Song by Yazoo

from the album You and Me Both
- Released: 1982
- Genre: Synth-pop
- Length: 3:36
- Label: Mute
- Songwriter: Alison Moyet
- Producers: Yazoo; Eric Radcliffe;

= Ode to Boy =

1982 song by Yazoo

"Ode to Boy" is a song by English synth-pop duo Yazoo. Originally the B-side to their 1982 hit "The Other Side of Love", it was later included on their second and final studio album You and Me Both in 1983. Whereas Yazoo's version is a sparse atmospheric track with synths and percussion, vocalist Alison Moyet later recorded her own version of the song in an uptempo indie-rock style for her 1994 album Essex.

==Yazoo version==
"Ode to Boy" was originally recorded in 1982 and appeared as the B-side to Yazoo's 1982 non-album single "The Other Side of Love". It then appeared as an album track on the duo's You and Me Both album. The song was produced by Yazoo and Eric Radcliffe. Speaking of the song to Record Mirror in 1983, Moyet revealed: "[it] started being of someone I knew, but ended up being more of a poetic exercise". Moyet later revealed the song was about her bandmate Vince Clarke. Later recalling the song's writing and development in 2016, she said: "It was written, as all my guitar songs are written, fast. It was made slower for Yazoo."

===Critical reception===
Neil Tennant of Smash Hits described the song as being the "darker side of Yazoo" and featuring "one of [Moyet's] smokiest vocals". In a 2008 issue of The Advocate, the song was described as "smoldering". William Ruhlmann of AllMusic highlighted "Ode to Boy" as a standout track from You and Me Both by labeling it an AMG Pick Track. In a review of the album by music website Sputnikmusic, the song was described as "one of the high points on the record – dares to slow things down with a sluggish, dingy melody and disjointed, echoed vocals from Moyet".

===Personnel===
- Alison Moyet – vocals, producer
- Vince Clarke – instrumentation, producer
- Eric Radcliffe – producer

==Alison Moyet version==

"Ode to Boy" was later recorded for Moyet's fourth studio album Essex, released in 1994. In October 1994, "Ode to Boy" was released as the album's fourth and final single.

===Background===
For its inclusion on Essex, Moyet recorded "Ode to Boy" in its original form; a guitar-dominant version. The song was produced by Pete Glenister. Speaking of the song's re-recording for Essex in contrast to the slower Yazoo version, Moyet revealed: "It was sped back up for Essex. They are two completely different songs."

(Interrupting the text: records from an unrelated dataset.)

(* Let $n\ge 4$ be an integer not divisible by $3$. Then the prism $D_n=C_n\Box P_2$ (on $2n$ vertices) is $\mathbb{Z}_{2n}$-distance antimagic.
   Context: $C_n$ is the cycle of length $n$, $P_2$ the path with two vertices ($K_2$), and $\Box$ the Cartesian product: $V(G\Box H)=V(G)\times V(H)$, with $(x,u)\sim(y,v)$ iff ($x=y$ and $uv\in E(H)$) or ($u=v$ and $xy\in E(G)$). $\mathbb{Z}_m$ is the cyclic group of integers modulo $m$. For a graph $G$ with $N$ vertices and an Abelian group $A$ of order $N$, and a bijection $f:V(G)\to A$, the weight of $x$ is $w_f(x)=\sum_{y\in N(x)} f(y)$ computed in $A$ ($N(x)$ the open neighbourhood). $f$ is an $A$-distance antimagic labelling if all weights are pairwise distinct; $G$ is $A$-distance antimagic if it admits such a labelling. *)

theory Defs
  imports Main
begin

definition cycle_adj :: "nat \<Rightarrow> nat \<Rightarrow> nat \<Rightarrow> bool" where
  "cycle_adj n i j \<longleftrightarrow> i < n \<and> j < n \<and> i \<noteq> j \<and> (j = (i + 1) mod n \<or> i = (j + 1) mod n)"

definition P2_adj :: "nat \<Rightarrow> nat \<Rightarrow> bool" where
  "P2_adj u v \<longleftrightarrow> u < 2 \<and> v < 2 \<and> u \<noteq> v"

definition cart_adj :: "('a \<Rightarrow> 'a \<Rightarrow> bool) \<Rightarrow> ('b \<Rightarrow> 'b \<Rightarrow> bool) \<Rightarrow> 'a \<times> 'b \<Rightarrow> 'a \<times> 'b \<Rightarrow> bool" where
  "cart_adj G H p q \<longleftrightarrow> (fst p = fst q \<and> H (snd p) (snd q)) \<or> (snd p = snd q \<and> G (fst p) (fst q))"

definition prism_vertices :: "nat \<Rightarrow> (nat \<times> nat) set" where
  "prism_vertices n = {0..<n} \<times> {0..<2}"

definition prism_adj :: "nat \<Rightarrow> nat \<times> nat \<Rightarrow> nat \<times> nat \<Rightarrow> bool" where
  "prism_adj n = cart_adj (cycle_adj n) P2_adj"

definition nbhd :: "'v set \<Rightarrow> ('v \<Rightarrow> 'v \<Rightarrow> bool) \<Rightarrow> 'v \<Rightarrow> 'v set" where
  "nbhd V adj x = {y \<in> V. adj x y}"

(* Z_m is modelled as {0..<m} with addition modulo m; the weight computed in Z_m is
   the natural-number sum reduced mod m. *)
definition Zm_weight :: "nat \<Rightarrow> 'v set \<Rightarrow> ('v \<Rightarrow> 'v \<Rightarrow> bool) \<Rightarrow> ('v \<Rightarrow> nat) \<Rightarrow> 'v \<Rightarrow> nat" where
  "Zm_weight m V adj f x = (\<Sum>y\<in>nbhd V adj x. f y) mod m"

definition Zm_distance_antimagic_labelling ::
  "nat \<Rightarrow> 'v set \<Rightarrow> ('v \<Rightarrow> 'v \<Rightarrow> bool) \<Rightarrow> ('v \<Rightarrow> nat) \<Rightarrow> bool" where
  "Zm_distance_antimagic_labelling m V adj f \<longleftrightarrow>
     bij_betw f V {0..<m} \<and> inj_on (Zm_weight m V adj f) V"

definition Zm_distance_antimagic :: "nat \<Rightarrow> 'v set \<Rightarrow> ('v \<Rightarrow> 'v \<Rightarrow> bool) \<Rightarrow> bool" where
  "Zm_distance_antimagic m V adj \<longleftrightarrow> (\<exists>f. Zm_distance_antimagic_labelling m V adj f)"

end

theory Submission
  imports Defs "HOL-Number_Theory.Cong"
begin

text \<open>
  Label the vertex \<open>(i, b)\<close> of the prism by \<open>2 i + b\<close>. The neighbours of \<open>(i, b)\<close> are
  \<open>(i \<plusminus> 1, b)\<close> and \<open>(i, 1 - b)\<close>, so its weight is \<open>6 i + b + 1\<close> modulo \<open>2 n\<close>.
  Since the modulus is even, the parity of the weight recovers \<open>b\<close>; the rest recovers
  \<open>3 i\<close> modulo \<open>n\<close>, and hence \<open>i\<close> because \<open>3\<close> is invertible modulo \<open>n\<close>.
\<close>

definition prism_label :: "nat \<times> nat \<Rightarrow> nat" where
  "prism_label = (\<lambda>(i, b). 2 * i + b)"

lemma succ_mod: "i < n \<Longrightarrow> (i + 1) mod n = (if i = n - 1 then 0 else i + 1)"
  for i n :: nat
  by (cases "i = n - 1") auto

lemma pred_mod:
  fixes i n :: nat
  assumes "i < n"
  shows "(i + n - 1) mod n = (if i = 0 then n - 1 else i - 1)"
proof (cases i)
  case (Suc k)
  then have "i + n - 1 = k + n"
    by simp
  with Suc assms show ?thesis
    by simp
qed (use assms in simp)

lemma cycle_adj_iff:
  assumes "i < n" "j < n" "n \<ge> 2"
  shows "cycle_adj n i j \<longleftrightarrow> j = (i + 1) mod n \<or> j = (i + n - 1) mod n"
  using assms unfolding cycle_adj_def succ_mod[OF assms(1)] succ_mod[OF assms(2)] pred_mod[OF assms(1)]
  by auto

lemma prism_nbhd:
  assumes "i < n" "b < 2" "n \<ge> 2"
  shows "nbhd (prism_vertices n) (prism_adj n) (i, b) =
           {((i + 1) mod n, b), ((i + n - 1) mod n, b), (i, 1 - b)}"
proof -
  have "P2_adj b c \<longleftrightarrow> c = 1 - b" if "c < 2" for c
    using assms(2) that unfolding P2_adj_def by (auto simp: less_2_cases_iff)
  moreover have "(i + 1) mod n < n" "(i + n - 1) mod n < n"
    using assms by auto
  ultimately show ?thesis
    using assms cycle_adj_iff[OF assms(1) _ assms(3)]
    unfolding nbhd_def prism_vertices_def prism_adj_def cart_adj_def
    by auto
qed

lemma bij_betw_prism_label: "bij_betw prism_label (prism_vertices n) {0..<2 * n}"
proof (rule bij_betw_imageI)
  show "inj_on prism_label (prism_vertices n)"
    unfolding inj_on_def prism_label_def prism_vertices_def by auto presburger
  have "k \<in> prism_label ` prism_vertices n" if "k < 2 * n" for k
  proof
    show "k = prism_label (k div 2, k mod 2)"
      unfolding prism_label_def by simp
    show "(k div 2, k mod 2) \<in> prism_vertices n"
      using that unfolding prism_vertices_def by auto
  qed
  then show "prism_label ` prism_vertices n = {0..<2 * n}"
    unfolding prism_label_def prism_vertices_def by auto
qed

lemma prism_weight_prism_label:
  assumes "i < n" "b < 2" "n \<ge> 3"
  shows "Zm_weight (2 * n) (prism_vertices n) (prism_adj n) prism_label (i, b)
           = (6 * i + b + 1) mod (2 * n)"
proof -
  let ?succ = "(i + 1) mod n" and ?pred = "(i + n - 1) mod n"
  have "?succ \<noteq> ?pred" "i \<noteq> ?succ" "i \<noteq> ?pred"
    using assms unfolding succ_mod[OF assms(1)] pred_mod[OF assms(1)] by auto
  moreover have "nbhd (prism_vertices n) (prism_adj n) (i, b) = {(?succ, b), (?pred, b), (i, 1 - b)}"
    using assms by (intro prism_nbhd) auto
  ultimately have sum: "(\<Sum>v\<in>nbhd (prism_vertices n) (prism_adj n) (i, b). prism_label v)
                          = 2 * ?succ + 2 * ?pred + 2 * i + b + 1"
    using assms(2) by (simp add: prism_label_def)
  have "[2 * ?succ = 2 * (i + 1)] (mod 2 * n)" "[2 * ?pred = 2 * (i + n - 1)] (mod 2 * n)"
    by (intro cong_cmult_leftI, simp add: cong_def)+
  then have "[2 * ?succ + 2 * ?pred + 2 * i + b + 1
              = 2 * (i + 1) + 2 * (i + n - 1) + 2 * i + b + 1] (mod 2 * n)"
    by (intro cong_add cong_refl)
  also have "2 * (i + 1) + 2 * (i + n - 1) + 2 * i + b + 1 = (6 * i + b + 1) + 2 * n"
    using assms by simp
  also have "[\<dots> = 6 * i + b + 1] (mod 2 * n)"
    unfolding cong_def by (rule mod_add_self2)
  finally show ?thesis
    unfolding Zm_weight_def sum cong_def .
qed

lemma prism_weight_formula_eq_imp_eq:
  fixes n i j b c :: nat
  assumes "coprime 3 n" "i < n" "j < n" "b < 2" "c < 2"
    and eq: "(6 * i + b + 1) mod (2 * n) = (6 * j + c + 1) mod (2 * n)"
  shows "(i, b) = (j, c)"
proof -
  have "even (6 * i + b + 1) \<longleftrightarrow> even (6 * j + c + 1)"
    using arg_cong[OF eq, of even] by (simp add: dvd_mod_iff)
  with assms(4,5) have "b = c"
    by (auto simp: less_2_cases_iff)
  with eq have "[6 * i + (b + 1) = 6 * j + (b + 1)] (mod 2 * n)"
    unfolding cong_def by (simp add: add.assoc)
  then have "[6 * i = 6 * j] (mod 2 * n)"
    by (simp only: cong_add_rcancel_nat)
  then have "[3 * i = 3 * j] (mod n)"
    using mult_mod_right[of 2 "3 * i" n] mult_mod_right[of 2 "3 * j" n]
    unfolding cong_def by simp
  then have "[i = j] (mod n)"
    using cong_mult_lcancel_nat[OF assms(1)] by simp
  with assms(2,3) \<open>b = c\<close> show ?thesis
    unfolding cong_def by simp
qed

theorem mainTheorem10:
  fixes n :: nat
  assumes "n \<ge> 4" and "\<not> 3 dvd n"
  shows "Zm_distance_antimagic (2 * n) (prism_vertices n) (prism_adj n)"
proof -
  have "coprime 3 n"
    using assms(2) by (intro prime_imp_coprime) auto
  have "inj_on (Zm_weight (2 * n) (prism_vertices n) (prism_adj n) prism_label)
          (prism_vertices n)"
  proof (rule inj_onI)
    fix p q
    assume p: "p \<in> prism_vertices n" and q: "q \<in> prism_vertices n"
      and weight_eq: "Zm_weight (2 * n) (prism_vertices n) (prism_adj n) prism_label p
                    = Zm_weight (2 * n) (prism_vertices n) (prism_adj n) prism_label q"
    from p q obtain i b j c where pq: "p = (i, b)" "q = (j, c)"
      and bounds: "i < n" "j < n" "b < 2" "c < 2"
      unfolding prism_vertices_def by auto
    with weight_eq assms(1) have "(6 * i + b + 1) mod (2 * n) = (6 * j + c + 1) mod (2 * n)"
      by (simp add: prism_weight_prism_label)
    with \<open>coprime 3 n\<close> bounds show "p = q"
      unfolding pq by (rule prism_weight_formula_eq_imp_eq)
  qed
  then show ?thesis
    unfolding Zm_distance_antimagic_def Zm_distance_antimagic_labelling_def
    using bij_betw_prism_label by blast
qed

end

Columbia rejected the original recording of Essex and insisted that it be re-recorded to create a more commercial package. A mix of the song, titled "Ode to Boy II", featured additional production and mixing done by Adrian Bushby and Pete Davis. This version was included on Essex as a bonus track. When "Ode to Boy" was released as a single, this remix was selected and the "II" was dropped from its title. For the single, Columbia also hired Junior Vasquez to give the song a dance remix treatment. He produced two mixes: the "Factory Mix" and the "NY-LA Mix".

The song peaked at No. 59 in the UK and remained in the Top 100 for two weeks. "Ode to Boy" was released on 12", cassette and CD in the UK and on CD across Europe. A music video was filmed to promote the single, which was directed by The Douglas Brothers.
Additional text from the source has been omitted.